Unnamed: 0,Fiscal Year Released,Recidivism Reporting Year,Race - Ethnicity,Sex,Age At Release,Convicting Offense Classification,Convicting Offense Type,Convicting Offense Subtype,Release Type,Main Supervising District,Recidivism - Return to Prison,Recidivism Type,Days to Recidivism,New Conviction Offense Classification,New Conviction Offense Type,New Conviction Offense Sub Type,Part of Target Population
0,2010,2013,White - Non-Hispanic,M,Under 25,D Felony,Violent,Assault,Parole,4JD,Yes,Tech,16.0,,,,Yes
1,2010,2013,White - Non-Hispanic,M,55 and Older,D Felony,Public Order,OWI,Parole,7JD,Yes,Tech,19.0,,,,Yes
2,2010,2013,White - Non-Hispanic,M,25-34,D Felony,Property,Burglary,Parole,5JD,Yes,Tech,22.0,,,,Yes
3,2010,2013,White - Non-Hispanic,M,55 and Older,C Felony,Drug,Trafficking,Parole,8JD,Yes,Tech,25.0,,,,Yes
4,2010,2013,Black - Non-Hispanic,M,25-34,D Felony,Drug,Trafficking,Parole,3JD,Yes,Tech,26.0,,,,Yes


In the snapshot of data below, we have two columns that need to be turned into dummy variables.
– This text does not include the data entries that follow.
(* Let $A=\langle a,b\mid\ \rangle$ and $B=\langle c,d\mid\ \rangle$ be free groups of rank two, $C\le A$ the subgroup generated by $\{a,\ a^{b^2}(a^b)^{-1}a\}$ and $D\le B$ the subgroup generated by $\{c^{-1},\ c^{d^2}(c^d)^{-1}c\}$. Then for every $\alpha\in C\setminus\{1\}$, $\mathrm{NSS}_A(\{\alpha\})\cap C=\mathrm{NSS}_C(\{\alpha\})$, and for every $\beta\in D\setminus\{1\}$, $\mathrm{NSS}_B(\{\beta\})\cap D=\mathrm{NSS}_D(\{\beta\})$.
   Context: Notation $x^y=y^{-1}xy$. For a subset $S$ of a group $H$, $\mathrm{NSS}_H(S)=\{s_1^{h_1}\cdots s_n^{h_n}: n\ge1,\ s_i\in S,\ h_i\in H\}$. *)

theory Defs
  imports "HOL-Algebra.Group" "HOL-Algebra.Generated_Groups"
begin

(* Free group on a generator type 'g: elements are freely reduced words over
   letters (inverted?, generator); multiplication = concatenation followed by
   free reduction; identity = empty word. *)

type_synonym 'g letter = "bool \<times> 'g"

definition inv_letter :: "'g letter \<Rightarrow> 'g letter" where
  "inv_letter x = (\<not> fst x, snd x)"

fun reduced :: "'g letter list \<Rightarrow> bool" where
  "reduced [] = True"
| "reduced [x] = True"
| "reduced (x # y # xs) = (y \<noteq> inv_letter x \<and> reduced (y # xs))"

definition reduce :: "'g letter list \<Rightarrow> 'g letter list" where
  "reduce xs = foldr (\<lambda>x acc. case acc of [] \<Rightarrow> [x]
                     | y # ys \<Rightarrow> (if y = inv_letter x then ys else x # y # ys)) xs []"

definition free_group :: "('g letter list) monoid" where
  "free_group = \<lparr> carrier = {w. reduced w}, mult = (\<lambda>x y. reduce (x @ y)), one = [] \<rparr>"

definition gen :: "'g \<Rightarrow> 'g letter list" where
  "gen g = [(False, g)]"

definition conjg :: "('a, 'b) monoid_scheme \<Rightarrow> 'a \<Rightarrow> 'a \<Rightarrow> 'a" where
  "conjg G x y = inv\<^bsub>G\<^esub> y \<otimes>\<^bsub>G\<^esub> x \<otimes>\<^bsub>G\<^esub> y"

fun mprod :: "('a, 'b) monoid_scheme \<Rightarrow> 'a list \<Rightarrow> 'a" where
  "mprod G [] = \<one>\<^bsub>G\<^esub>"
| "mprod G (x # xs) = x \<otimes>\<^bsub>G\<^esub> mprod G xs"
text \<open>Gradient of f (f is quadratic with symmetric H): grad f(x) = H x - b.\<close>
definition gradf :: "real^'d^'n \<Rightarrow> real^'d^'d \<Rightarrow> real \<Rightarrow> real^'d \<Rightarrow> real^'d \<Rightarrow> real^'d" where
  "gradf A Lam nu b x = Hmat A Lam nu *v x - b"

definition xstar :: "real^'d^'n \<Rightarrow> real^'d^'d \<Rightarrow> real \<Rightarrow> real^'d \<Rightarrow> real^'d" where
  "xstar A Lam nu b = matrix_inv (Hmat A Lam nu) *v b"

definition delta :: "real^'d^'n \<Rightarrow> real^'d^'d \<Rightarrow> real \<Rightarrow> real^'d \<Rightarrow> real^'d \<Rightarrow> real" where
  "delta A Lam nu b x =
     (1/2) * ((x - xstar A Lam nu b) \<bullet> (Hmat A Lam nu *v (x - xstar A Lam nu b)))"

definition delta_tilde :: "real^'d^'n \<Rightarrow> real^'d^'d \<Rightarrow> real \<Rightarrow> real^'d \<Rightarrow> nat \<Rightarrow> (nat \<Rightarrow> real^'n) \<Rightarrow> real^'d \<Rightarrow> real" where
  "delta_tilde A Lam nu b m S x =
     (1/2) * (gradf A Lam nu b x \<bullet> (matrix_inv (HSmat A Lam nu m S) *v gradf A Lam nu b x))"

text \<open>A method is psi :: nat => (iterate history list) => preconditioner => next iterate.
  hist psi P x0 t = [x_0, ..., x_t], with x_(t+1) = psi t [x_0,...,x_t] P.\<close>
fun hist :: "(nat \<Rightarrow> 'v list \<Rightarrow> 'p \<Rightarrow> 'v) \<Rightarrow> 'p \<Rightarrow> 'v \<Rightarrow> nat \<Rightarrow> 'v list" where
  "hist psi P x0 0 = [x0]"
| "hist psi P x0 (Suc t) = hist psi P x0 t @ [psi t (hist psi P x0 t) P]"

definition iter :: "(nat \<Rightarrow> 'v list \<Rightarrow> 'p \<Rightarrow> 'v) \<Rightarrow> 'p \<Rightarrow> 'v \<Rightarrow> nat \<Rightarrow> 'v" where
  "iter psi P x0 t = hist psi P x0 t ! t"

definition precond_first_order ::
  "real^'d^'n \<Rightarrow> real^'d^'d \<Rightarrow> real \<Rightarrow> real^'d \<Rightarrow>
   (nat \<Rightarrow> (real^'d) list \<Rightarrow> real^'d^'d \<Rightarrow> real^'d) \<Rightarrow> bool" where
  "precond_first_order A Lam nu b psi \<longleftrightarrow>
     (\<forall>P x0 t. pd_mat P \<longrightarrow>
        iter psi P x0 (Suc t) - x0 \<in>
          (\<lambda>v. matrix_inv P *v v) ` span {gradf A Lam nu b (iter psi P x0 k) | k. k \<le> t})"

definition linear_conv ::
  "real^'d^'n \<Rightarrow> real^'d^'d \<Rightarrow> real \<Rightarrow> real^'d \<Rightarrow>
   (nat \<Rightarrow> (real^'d) list \<Rightarrow> real^'d^'d \<Rightarrow> real^'d) \<Rightarrow> real \<Rightarrow> real \<Rightarrow> real \<Rightarrow> bool" where
  "linear_conv A Lam nu b psi rho phirho alpha \<longleftrightarrow>
     (\<forall>x0 m S. m \<ge> 1 \<longrightarrow>
        spec_norm (CSmat A Lam nu m S - mat 1) \<le> max (sqrt rho) rho \<longrightarrow>
        (\<forall>t. delta A Lam nu b (iter psi (HSmat A Lam nu m S) x0 t)
              \<le> alpha * phirho ^ t * delta A Lam nu b x0))"

end

theory Submission
  imports Defs
begin

text \<open>Write \<open>g = H (x - x\<^sup>*)\<close> for the gradient, so that \<open>\<delta> = g\<^sup>T H\<^sup>-\<^sup>1 g / 2\<close> and
  \<open>\<delta>\<^sup>~ = g\<^sup>T H\<^sub>S\<^sup>-\<^sup>1 g / 2\<close>. Since \<open>C\<^sub>S\<close> is congruent to \<open>H\<^sub>S\<close> via \<open>H\<^sup>-\<^sup>1\<^sup>/\<^sup>2\<close>, the bound
  \<open>\<parallel>C\<^sub>S - I\<parallel> \<le> \<surd>\<rho>\<close> gives \<open>(1 - \<surd>\<rho>) H \<preceq> H\<^sub>S \<preceq> (1 + \<surd>\<rho>) H\<close>, and inverting,
  \<open>H\<^sup>-\<^sup>1 / (1 + \<surd>\<rho>) \<preceq> H\<^sub>S\<^sup>-\<^sup>1 \<preceq> H\<^sup>-\<^sup>1 / (1 - \<surd>\<rho>)\<close>. Hence
  \<open>\<delta>\<^sup>~\<^sub>t \<le> \<delta>\<^sub>t / (1 - \<surd>\<rho>) \<le> \<alpha> \<phi>\<^sup>t \<delta>\<^sub>0 / (1 - \<surd>\<rho>) \<le> \<alpha> \<phi>\<^sup>t \<delta>\<^sup>~\<^sub>0 (1 + \<surd>\<rho>) / (1 - \<surd>\<rho>)\<close>.
  The only substantial ingredient is that \<open>H\<^sup>-\<^sup>1\<^sup>/\<^sup>2\<close> is well defined, i.e. that a positive
  definite matrix has a unique positive semidefinite square root; this rests on the
  spectral theorem, which follows by maximising the Rayleigh quotient on invariant subspaces.\<close>

section \<open>Symmetric and positive definite matrices\<close>

lemma inner_symmetric_matrix:
  fixes A :: "real^'n^'n"
  assumes "transpose A = A"
  shows "x \<bullet> (A *v y) = (A *v x) \<bullet> y"
  by (metis assms dot_lmul_matrix transpose_matrix_vector)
There are various ways to achieve this using Pandas ([`pd.get_dummies`](https://pandas.pydata.org/pandas-docs/stable/generated/pandas.get_dummies.html)), but you can also use functions from sci-kit learn.

Below, since we only have the binary case, im going to use `LabelEncoder` from sci-ket learn. Of course, you can also use one-hot encoding.

For a discussion over the differences between Label Encoding and One-HotEncoding see [this](https://stackoverflow.com/questions/38413579/what-is-the-difference-between-sklearn-labelencoder-and-pd-get-dummies) and [this.](https://datascience.stackexchange.com/questions/9443/when-to-use-one-hot-encoding-vs-labelencoder-vs-dictvectorizor)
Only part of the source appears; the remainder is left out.